What makes people accept suffering to live a meaningful life?

Maybe you’re thinking right now: “Wait a minute, Joan!” However, it takes the pain, effort, and hard work to get something of value or importance, the only way I am really touched is hard work! Nothing has been easy, and if so, it means less to me. ”

Yes, I recognize that many things in life are not easy, or without putting our shoulder on the wheel, so to speak.
Suir a little. Past-past. Tap new growth.

However, what I want to suggest is that “pain” is not a natural consequence of profit.
Instead, the pain is a wake-up call, a spiritual lesson.

When pain enters your life, you have the opportunity to ask, “Why are you here, what lesson do I need to learn, what should I change or change?”

My belief, which took years to formulate, is that pain only appears in my life to wake me up!
Again and again, over the years, suffering from an unhappy marriage, toxic workplaces, painful relationships, and an impulse to succeed in the region of my choice, I have discovered in the long run that was not necessary.

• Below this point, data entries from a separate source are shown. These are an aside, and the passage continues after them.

(* Let $A$ be a Hausdorff locally quasi-convex abelian topological group. If $A$ is complete (with respect to its group uniformity), or if $\alpha_A$ is surjective, then $A$ has the quasi-convex compactness property.
   Context: $\mathbb{T}=\mathbb{R}/\mathbb{Z}$, $\Lambda_1$ is the image of $[-\tfrac14,\tfrac14]$ in $\mathbb{T}$. $\hat A$ is the group of continuous homomorphisms $A\to\mathbb{T}$ with the compact-open topology and $\alpha_A\colon A\to\hat{\hat A}$, $\alpha_A(a)(\chi)=\chi(a)$. For $S\subseteq A$, $S^\vartriangleright=\{\chi\in\hat A\mid\chi(S)\subseteq\Lambda_1\}$; for $\Phi\subseteq\hat A$, $\Phi^\vartriangleleft=\{a\in A\mid\chi(a)\in\Lambda_1\ \forall\chi\in\Phi\}$. $A$ is locally quasi-convex if $\{U^{\vartriangleright\vartriangleleft}\mid U \text{ a neighborhood of } 0\}$ is a base at $0$. $A$ has the quasi-convex compactness property if $K^{\vartriangleright\vartriangleleft}$ is compact for every compact $K\subseteq A$. *)

theory Defs
  imports "HOL-Analysis.Analysis"
begin

text \<open>The circle group T = R/Z is realised as the unit circle in the complex plane,
  via the isomorphism t \<mapsto> cis (2 pi t).\<close>

definition circle :: "complex set" where
  "circle = (\<lambda>t. cis (2 * pi * t)) ` UNIV"

definition Lambda1 :: "complex set" where
  "Lambda1 = (\<lambda>t. cis (2 * pi * t)) ` {-1/4..1/4}"

definition dual :: "('a::topological_ab_group_add \<Rightarrow> complex) set" where
  "dual = {ch. continuous_on UNIV ch \<and> (\<forall>x. ch x \<in> circle) \<and>
              (\<forall>x y. ch (x + y) = ch x * ch y)}"

definition compact_open_dual :: "('a::topological_ab_group_add \<Rightarrow> complex) topology" where
  "compact_open_dual = topology_generated_by
     {{ch \<in> dual. ch ` K \<subseteq> U} | K U. compact K \<and> open U}"

definition bidual :: "(('a::topological_ab_group_add \<Rightarrow> complex) \<Rightarrow> complex) set" where
  "bidual = {\<psi>. continuous_map (subtopology compact_open_dual dual) (top_of_set circle) \<psi> \<and>
               (\<forall>ch1\<in>dual. \<forall>ch2\<in>dual. \<psi> (\<lambda>x. ch1 x * ch2 x) = \<psi> ch1 * \<psi> ch2)}"

text \<open>alpha_A(a)(chi) = chi(a); alpha_A is surjective onto the bidual.\<close>
definition alpha_surjective :: "'a::topological_ab_group_add itself \<Rightarrow> bool" where
  "alpha_surjective _ \<longleftrightarrow>
     (\<forall>\<psi>\<in>(bidual :: (('a \<Rightarrow> complex) \<Rightarrow> complex) set).
        \<exists>a::'a. \<forall>ch\<in>dual. \<psi> ch = ch a)"
lemma expectation_indicator_X: "expectation (\<lambda>\<omega>. if \<theta>1 < X 0 1 \<omega> then 1 else 0) = tail"
proof -
  have "expectation (\<lambda>\<omega>. if \<theta>1 < X 0 1 \<omega> then 1 else 0) = expectation (indicator {\<omega>\<in>space M. \<theta>1 < X 0 1 \<omega>})"
    by (intro Bochner_Integration.integral_cong) (auto simp: indicator_def)
  also have "\<dots> = prob {\<omega>\<in>space M. \<theta>1 < X 0 1 \<omega>}"
    by (simp del: One_nat_def)
  finally show ?thesis by (simp only: one_minus_cdf_X_eq)
qed

lemma prob_not_typical_le:
  assumes "1 \<le> t"
  shows "prob {\<omega>\<in>space M. \<not> typical n t (sample \<omega>)} \<le> deviation_bound / real t"
proof -
  let ?ind = "\<lambda>x. if \<theta>1 < x then 1 else 0 :: real" and ?cap = "\<lambda>x. if \<theta>1 < x then x else 0 :: real"
  define B1 where "B1 = {\<omega>\<in>space M. \<delta> * real t \<le> \<bar>(\<Sum>i=1..t. V 0 n i \<omega>) - real t * expectation (V 0 0 1)\<bar>}"
  define B2 where "B2 = {\<omega>\<in>space M. \<delta> * real (lower t)
      \<le> \<bar>(\<Sum>i=1..lower t. ?ind (V 1 n i \<omega>)) - real (lower t) * expectation (\<lambda>\<omega>. ?ind (V 1 0 1 \<omega>))\<bar>}"
  define B3 where "B3 = {\<omega>\<in>space M. \<delta> * real (upper t)
      \<le> \<bar>(\<Sum>i=1..upper t. ?cap (V 1 n i \<omega>)) - real (upper t) * expectation (\<lambda>\<omega>. ?cap (V 1 0 1 \<omega>))\<bar>}"
  define B4 where "B4 = {\<omega>\<in>space M. \<delta> * real t \<le> \<bar>(\<Sum>i=1..t. V 2 n i \<omega>) - real t * expectation (V 2 0 1)\<bar>}"
  have [measurable]: "B1 \<in> sets M" "B2 \<in> sets M" "B3 \<in> sets M" "B4 \<in> sets M"
    unfolding B1_def B2_def B3_def B4_def by measurable
  have "{\<omega>\<in>space M. \<not> typical n t (sample \<omega>)} \<subseteq> B1 \<union> B2 \<union> B3 \<union> B4"
    unfolding typical_def B1_def B2_def B3_def B4_def
    by (auto simp: not_less expectation_indicator_X simp del: One_nat_def cong: if_cong)
  then have "prob {\<omega>\<in>space M. \<not> typical n t (sample \<omega>)} \<le> prob (B1 \<union> B2 \<union> B3 \<union> B4)"
    by (intro finite_measure_mono) auto
  also have "\<dots> \<le> prob B1 + prob B2 + prob B3 + prob B4"
    by (intro order_trans[OF measure_Un_le] add_right_mono) auto
  also have "\<dots> \<le> deviation_bound / real t"
  proof -
    have ind_sq: "integrable M (\<lambda>\<omega>. (?ind (X 0 1 \<omega>))\<^sup>2)"
      by (rule Bochner_Integration.integrable_bound[of _ "\<lambda>_. 1::real"]) auto
    have "prob B1 \<le> (expectation (\<lambda>\<omega>. (real (D 0 1 \<omega>))\<^sup>2) - mean_D\<^sup>2) / (\<delta>\<^sup>2 * real t)"
      using prob_partial_sum_deviation_le[where c=0 and h="\<lambda>x. x" and t=t and k=t and \<eta>=\<delta> and n=n]
        D_var assms slack_pos by (simp add: B1_def)
    moreover have "prob B2 \<le> (expectation (\<lambda>\<omega>. (?ind (X 0 1 \<omega>))\<^sup>2) - tail\<^sup>2) / (\<delta>\<^sup>2 * real t)"
      using prob_partial_sum_deviation_le[where c=1 and h="?ind" and t=t and k="lower t" and \<eta>=\<delta> and n=n]
        ind_sq le_lower[of t] assms slack_pos by (simp add: B2_def expectation_indicator_X del: One_nat_def)
    moreover have "prob B3 \<le> (expectation (\<lambda>\<omega>. (?cap (X 0 1 \<omega>))\<^sup>2) - tail_mean\<^sup>2) / (\<delta>\<^sup>2 * real t)"
      using prob_partial_sum_deviation_le[where c=1 and h="?cap" and t=t and k="upper t" and \<eta>=\<delta> and n=n]
        le_upper[of t] assms slack_pos
        Bochner_Integration.integrable_bound[OF X_var, of "\<lambda>\<omega>. (?cap (X 0 1 \<omega>))\<^sup>2"]
      by (simp add: B3_def cong: if_cong)
    moreover have "prob B4 \<le> (expectation (\<lambda>\<omega>. (R 0 1 \<omega>)\<^sup>2) - mean_R\<^sup>2) / (\<delta>\<^sup>2 * real t)"
      using prob_partial_sum_deviation_le[where c=2 and h="\<lambda>x. x" and t=t and k=t and \<eta>=\<delta> and n=n]
        R_var assms slack_pos by (simp add: B4_def)
    ultimately show ?thesis
      unfolding deviation_bound_def by (simp add: add_divide_distrib)
  qed
  finally show ?thesis .
qed

lemma typical_restrict: "typical n t (restrict v (idx_at n)) = typical n t v"
proof -
  have r: "restrict v (idx_at n) (c, n, j) = v (c, n, j)" if "c \<le> 2" "j \<in> {1..k}" for c j k
    using that by (auto simp: idx_at_def allidx_def)
  have "(\<Sum>j=1..t. restrict v (idx_at n) (0, n, j)) = (\<Sum>j=1..t. v (0, n, j))"
    "(\<Sum>j=1..t. restrict v (idx_at n) (2, n, j)) = (\<Sum>j=1..t. v (2, n, j))"
    "(\<Sum>i=1..lower t. if \<theta>1 < restrict v (idx_at n) (1, n, i) then 1 else 0)
      = (\<Sum>i=1..lower t. if \<theta>1 < v (1, n, i) then 1 else 0 :: real)"
    "(\<Sum>i=1..upper t. if \<theta>1 < restrict v (idx_at n) (1, n, i) then restrict v (idx_at n) (1, n, i) else 0)
      = (\<Sum>i=1..upper t. if \<theta>1 < v (1, n, i) then v (1, n, i) else 0)"
    by (intro sum.cong refl; simp only: r[of 0] r[of 1] r[of 2]; simp)+
  then show ?thesis
    unfolding typical_def by (simp only:)
qed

But I thought I must have the pain to get there. To receive. Have a successful and abundant career. Until a serious health problem wakes me up!

Hello Joan, hello! What do you know that there is an easier, more fruitful and satisfying way?

Damn, that’s it, and the pain was my guide. If I had emotional, physical or spiritual pain, it was my chance to listen and change, to change or to let myself go.

What is there for you? Is it time that you give up the tired old slogan “No pain, no gain”? For, apart from very limited use of exercise (and not all exercises, count), PAIN IS A WAKE-UP CALL.